DEV Community

Calin Baenen
Calin Baenen

Posted on

When does a pointer become dangling in C/C++? | Why isn't this example dangling?

All testing has been done on SoloLearn's C++ playground.

So, I was planning on making a post on a custom pointer datatype, and I was playing around with (raw-)pointers, and I wanted to test something, to see if I could (purposefully) get a pointer to dangle, so I tried something I was certain would work:

int main() {
    int* p;
    {
        int i = 10;
        p = &i;
    }
    std::cout << p;
}
Enter fullscreen mode Exit fullscreen mode

and I was baffled when I saw 10 in the output box.
So, I tried (virtually) the same thing in C:

int main() {
    int* p;
    {
        int i = 10;
        p = &i;
    }
    printf("%d", *p);
}
Enter fullscreen mode Exit fullscreen mode

and I got 10 again.

I thought the conditions for a pointer to become dangling was for the referenced value to leave the current scope. But as it's apparent, even though i (and its value) leaves the scope. (Yes, it is leaving the scope, for anyone who wants to object. This is called a guard-scope, and allows temporary variables to exist.)
So, what are the actual conditions for a pointer to become dangling? And/or why is my example NOT dangling?

Thanks!
Cheers!

Discussion (5)

Collapse
deciduously profile image
Ben Lovy • Edited on

I could be wrong, but I think this is dangling, but you're getting lucky - likely because your program doesn't do anything else. This is still undefined behavior. When i goes out of scope, the compiler is free to reuse that memory location for anything else. However, p is still pointing to the same location. If nothing else has happened to that memory, it's still sitting there unchanged, so your program produces the correct output, but there's nothing in the standard mandating this to be true anymore.

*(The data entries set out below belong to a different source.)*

lemma power2_norm_add:
  "(norm (x + y))\<^sup>2 = (norm x)\<^sup>2 + (norm y)\<^sup>2 + 2 * Re (cinner x (y::'a::complex_inner))"
proof -
  have "cinner (x + y) (x + y) = cinner x x + cinner y y + (cinner x y + cnj (cinner x y))"
    by (simp add: cinner_add_left cinner_add_right cinner_commute [of y x])
  then have "Re (cinner (x + y) (x + y)) = Re (cinner x x) + Re (cinner y y) + 2 * Re (cinner x y)"
    by simp
  then show ?thesis
    by simp
qed

lemma parallelogram_law:
  "(norm (x + y))\<^sup>2 + (norm (x - y))\<^sup>2 = 2 * (norm x)\<^sup>2 + 2 * (norm (y::'a::complex_inner))\<^sup>2"
  using power2_norm_add [of x y] power2_norm_add [of x "- y"] cinner_diff_right [of x 0 y]
  by simp

lemma Re_cinner_le_norm: "Re (cinner x y) \<le> norm x * norm (y::'a::complex_inner)"
proof -
  have "(norm (x + y))\<^sup>2 \<le> (norm x + norm y)\<^sup>2"
    by (simp add: norm_triangle_ineq power_mono)
  then show ?thesis
    unfolding power2_norm_add by (simp add: power2_eq_square algebra_simps)
qed

lemma norm_scaleC [simp]: "norm (scaleC a x) = cmod a * norm (x::'a::complex_inner)"
proof -
  have "cinner (scaleC a x) (scaleC a x) = (cnj a * a) * cinner x x"
    by (simp add: cinner_scaleC_left cinner_scaleC_right mult_ac)
  then have "(norm (scaleC a x))\<^sup>2 = (cmod a * norm x)\<^sup>2"
    by (metis cinner_self_norm cnj_mult_self of_real_eq_iff of_real_mult power_mult_distrib)
  then show ?thesis
    by (simp add: power2_eq_iff_nonneg)
qed

lemma norm_cinner_le: "cmod (cinner x y) \<le> norm x * norm (y::'a::complex_inner)"
proof (cases "cinner x y = 0")
  case False
  define a where "a = cnj (cinner x y) / cmod (cinner x y)"
  have "cinner x (scaleC a y) = cmod (cinner x y)"
    using False by (simp add: a_def cinner_scaleC_right cnj_mult_self power2_eq_square)
  then have "cmod (cinner x y) = Re (cinner x (scaleC a y))"
    by simp
  also have "\<dots> \<le> norm x * norm (scaleC a y)"
    by (rule Re_cinner_le_norm)
  also have "\<dots> = norm x * norm y"
    using False by (simp add: a_def norm_divide)
  finally show ?thesis .
qed simp
lemma inj_on_funpow_until_hit:
  fixes f :: "'a \<Rightarrow> 'a"
  assumes hit: "(f ^^ n) x = r" and before: "\<forall>j<n. (f ^^ j) x \<noteq> r"
  shows "inj_on (\<lambda>j. (f ^^ j) x) {..n}"
proof -
  have False if "i < j" "j \<le> n" "(f ^^ i) x = (f ^^ j) x" for i j
  proof -
    have "(f ^^ (n - j + i)) x = (f ^^ (n - j)) ((f ^^ i) x)"
      by (simp add: funpow_funpow)
    also have "\<dots> = (f ^^ (n - j)) ((f ^^ j) x)"
      using that by simp
    also have "\<dots> = r"
      using that hit by (simp add: funpow_funpow)
    finally show False
      using before that by simp
  qed
  then show ?thesis
    by (intro inj_onI) (metis atMost_iff linorder_neqE_nat)
qed

lemma bij_betw_the_inv_into_comp:
  assumes "inj_on a I" and "inj_on b I"
  shows "bij_betw (\<lambda>x. b (the_inv_into I a x)) (a ` I) (b ` I)"
proof -
  have "bij_betw (b \<circ> the_inv_into I a) (a ` I) (b ` I)"
    using assms by (intro bij_betw_trans[of _ _ I] bij_betw_the_inv_into) (auto simp: bij_betw_def)
  then show ?thesis
    by (simp add: comp_def)
qed

section \<open>The invariant phi\<close>

definition indeg :: "'a fds \<Rightarrow> 'a \<Rightarrow> nat" where
  "indeg A u = card (predecessors A u)"

definition weight :: "nat \<Rightarrow> nat \<Rightarrow> nat \<Rightarrow> 'a fds \<Rightarrow> 'a \<Rightarrow> nat" where
  "weight s c J A x = indeg A (snd A x) ^ s * (\<Prod>j\<in>{1..J}. indeg A ((snd A ^^ j) x) ^ c)"

definition phi :: "nat \<Rightarrow> nat \<Rightarrow> nat \<Rightarrow> 'a fds \<Rightarrow> nat" where
  "phi s c J A = (\<Sum>x\<in>fst A. weight s c J A x)"

context
  fixes A :: "'a fds" and B :: "'b fds" and h :: "'a \<Rightarrow> 'b"
  assumes fds: "is_fds A"
    and bij: "bij_betw h (fst A) (fst B)"
    and comm: "\<forall>x\<in>fst A. h (snd A x) = snd B (h x)"
begin

lemma iso_funpow: "x \<in> fst A \<Longrightarrow> (snd B ^^ n) (h x) = h ((snd A ^^ n) x)"
  by (induction n) (simp_all add: comm is_fds_funpow[OF fds])

lemma iso_predecessors:
  assumes u: "u \<in> fst A"
  shows "predecessors B (h u) = h ` predecessors A u"
proof
  show "h ` predecessors A u \<subseteq> predecessors B (h u)"
    using bij comm by (auto simp: predecessors_def bij_betw_def)
  show "predecessors B (h u) \<subseteq> h ` predecessors A u"
  proof
    fix z
    assume "z \<in> predecessors B (h u)"
    then have "z \<in> h ` fst A" and "snd B z = h u"
      using bij by (auto simp: predecessors_def bij_betw_def)
    then obtain x where x: "x \<in> fst A" "z = h x" and "snd B (h x) = h u"
      by blast
    then have "h (snd A x) = h u"
      using comm by simp
    then have "snd A x = u"
      using x(1) bij fds u by (auto simp: bij_betw_def inj_on_def is_fds_def)
    then show "z \<in> h ` predecessors A u"
      using x by (auto simp: predecessors_def)
  qed
qed
theorem lemma2:
  fixes a b c d Pmax :: real
  assumes "a > 0" "b > 0" "c > 0" "d > 0" "Pmax > 0"
    and "Q1 a b c d Pmax \<le> 0" "Q2 a b c d Pmax \<le> 0"
  defines "A \<equiv> (0::real, log 2 (1 + c * Pmax))"
    and "C \<equiv> (log 2 (1 + a * Pmax), 0::real)"
    and "\<gamma> \<equiv> log 2 (1 + c * Pmax) / log 2 (1 + a * Pmax)"
    and "B \<equiv> (R1 a b c d Pmax Pmax, R2 a b c d Pmax Pmax)"
  shows "((1 + c * Pmax) * (1 + d * Pmax) / (1 + c * Pmax + d * Pmax)
            \<ge> ((1 + a * Pmax + b * Pmax) / (1 + b * Pmax)) powr \<gamma>
          \<longrightarrow> convex hull (rate_region a b c d Pmax) = convex hull {(0, 0), A, C})
       \<and> (((1 + c * Pmax) * (1 + d * Pmax) / (1 + c * Pmax + d * Pmax)
            \<ge> ((1 + a * Pmax + b * Pmax) / (1 + b * Pmax)) powr \<gamma>)
          \<longleftrightarrow> fst B / fst C + snd B / snd A \<le> 1)"
proof -
  note corner = corner_condition_iff[OF assms(1-5), folded \<gamma>_def]
  have B_ratio: "fst B / fst C + snd B / snd A
      = ln (1 + a * Pmax / (1 + b * Pmax)) / ln (1 + a * Pmax)
        + ln (1 + c * Pmax / (1 + d * Pmax)) / ln (1 + c * Pmax)"
    by (simp add: A_def B_def C_def R1_def R2_def log_def)
  have "convex hull (rate_region a b c d Pmax) = convex hull {(0, 0), A, C}"
    if "ln (1 + a * Pmax / (1 + b * Pmax)) / ln (1 + a * Pmax)
        + ln (1 + c * Pmax / (1 + d * Pmax)) / ln (1 + c * Pmax) \<le> 1"
  proof
    show "convex hull (rate_region a b c d Pmax) \<subseteq> convex hull {(0, 0), A, C}"
      using rate_region_in_triangle[OF assms(1-7) that]
      by (intro hull_minimal) (auto simp: A_def C_def)
    show "convex hull {(0, 0), A, C} \<subseteq> convex hull (rate_region a b c d Pmax)"
      using tdm_vertices_in_rate_region[OF assms(1,3,5), of b d]
      by (intro hull_mono) (simp add: A_def C_def)
  qed
  with corner B_ratio show ?thesis
    by simp
qed

end
lemma nonzero_ideal_restriction:
  assumes vn: "von_neumann_regular R"
    and outer: "\<forall>g\<in>carrier G. corner_inner R (\<alpha> g) \<longrightarrow> g = \<one>\<^bsub>G\<^esub>"
    and J: "ideal J S" and nonzero: "J \<noteq> {\<zero>\<^bsub>S\<^esub>}"
  shows "ideal_restriction J \<noteq> {\<zero>}"
proof -
  obtain f0 where "support_minimal J f0"
    using support_minimal_exists[OF J nonzero] by blast
  then obtain f e where f: "support_minimal J f" and e: "e \<in> carrier R" "e \<otimes> e = e" "e \<noteq> \<zero>"
    and f_one: "f \<one>\<^bsub>G\<^esub> = e"
    and e_f: "\<And>x. x \<in> carrier G \<Longrightarrow> e \<otimes> f x = f x"
    and f_e: "\<And>x. x \<in> carrier G \<Longrightarrow> f x \<otimes> \<alpha> x e = f x"
    using support_minimal_normalize[OF vn J] by metis
  have fS: "f \<in> carrier S"
    using normalized_in_carrier[OF J f e f_one e_f f_e] .
  have "f g = \<zero>" if "g \<in> carrier G" "g \<noteq> \<one>\<^bsub>G\<^esub>" for g
    using normalized_support_corner_inner[OF J f e f_one e_f f_e vn] outer that by blast
  then have "f = single e \<one>\<^bsub>G\<^esub>"
    using fS e f_one by (intro skew_eqI) (auto simp: single_apply)
  then have "e \<in> ideal_restriction J"
    using f e by (simp add: support_minimal_def ideal_restriction_def)
  then show ?thesis
    using e by blast
qed

lemma G_simple_imp_simple:
  assumes vn: "von_neumann_regular R"
    and outer: "\<forall>g\<in>carrier G. corner_inner R (\<alpha> g) \<longrightarrow> g = \<one>\<^bsub>G\<^esub>"
    and G_simple: "G_simple G R \<alpha>"
  shows "simple_ring S"
  unfolding simple_ring_def
proof (intro conjI allI impI skew_ring)
  show "carrier S \<noteq> {\<zero>\<^bsub>S\<^esub>}"
    using G_simple by (simp add: G_simple_def skew_carrier_trivial_iff)
  fix J assume J: "ideal J S"
  show "J = {\<zero>\<^bsub>S\<^esub>} \<or> J = carrier S"
  proof (cases "J = {\<zero>\<^bsub>S\<^esub>}")
    case False
    then have "ideal_restriction J = carrier R"
      using G_simple nonzero_ideal_restriction[OF vn outer J] ideal_restriction_G_invariant[OF J]
      unfolding G_simple_def by blast
    then have "\<one>\<^bsub>S\<^esub> \<in> J"
      by (auto simp: ideal_restriction_def skew_one)
    then show ?thesis
      using ideal.one_imp_carrier[OF J] by blast
  qed simp
qed

end

theorem theorem2p8:
  fixes R :: "('a, 'b) ring_scheme" and G :: "('g, 'c) monoid_scheme"
    and \<alpha> :: "'g \<Rightarrow> 'a \<Rightarrow> 'a"
  assumes "von_neumann_regular R"
    and "group G"
    and "ring_action G R \<alpha>"
    and "\<forall>g \<in> carrier G. corner_inner R (\<alpha> g) \<longrightarrow> g = \<one>\<^bsub>G\<^esub>"
  shows "simple_ring (skew_group_ring R G \<alpha>) \<longleftrightarrow> G_simple G R \<alpha>"
proof -
  interpret ring_group_action R G \<alpha>
    using assms(1-3) by (simp add: ring_group_action_def ring_group_action_axioms_def von_neumann_regular_def)
  show ?thesis
    using simple_imp_G_simple G_simple_imp_simple[OF assms(1,4)] by blast
qed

You can see this behavior sometimes when trying to print a variable that hasn't been initialized in your program. You might get something random back, which is just whatever that memory was previously used for. Even though the program that allocated it has called all its destructors and released it to the OS, that doesn't mean it's been overwritten yet, just that it's allowed to be reused if needed.

Collapse
thumbone profile image
Bernd Wechner

Sounds right to me. To add to it, I also am far from sure (C goes back some decades in terms of practical use and experience for me) but it could well be that i and p are both living on a stack, and that the embracing scope of the function main() in this instance remains on the stack until that function returns. Seen another way it may be undefined behaviour but also slightly better than mere chance that you experience it in this example (i.e. that it's reliably reproducible) in part because it's a a very terse example but also possibly because the anonymous scope you'd declared i in may (being anonymous) have the stack life that the enclosing function's scope does. That is assuming C puts variables on the stack at all .... my memory on implementation details is, alas, rather distant ;-)

Collapse
baenencalin profile image
Calin Baenen Author

So, the same as I replied to someone on Twitter who had a pretty similar answer; and as you said by saying I'm "getting lucky": The compiler that SoloLearn was just being merciful in its decision not to provide a segfault?

Collapse
deciduously profile image
Ben Lovy • Edited on

A segfault always comes from the OS, not the compiler, when you hit memory that's "not yours". In this case, the compiler did what you asked, it showed you the memory at that location. I believe the other comment is correct about why this is reproducible, both i and p live in the stack frame allocated for main(), which still exists when the printing happens, so nothing has had a chance to interfere even though you're pointing to a variable that isn't in scope. The memory is still "yours", as in, belongs to the program, even though semantically within your program it's out of scope, so the OS doesn't complain. However, it's not guaranteed to be reproducible, and different compilers are free to handle this in totally different ways.

Collapse
pgradot profile image
Pierre Gradot

Just to confirm the other comment: the pointer is dangling.

It points to a variable that no longer exists.

The address of this variable (which is the value of the pointer) hasn't been reused yet so when you read the memory at this adress, you find the value of your dead variable.

This is (almost) pure coincidence.

This is why dangling pointers (or references) are so complicated to debug: you may observe an invalid behavior only once in a while.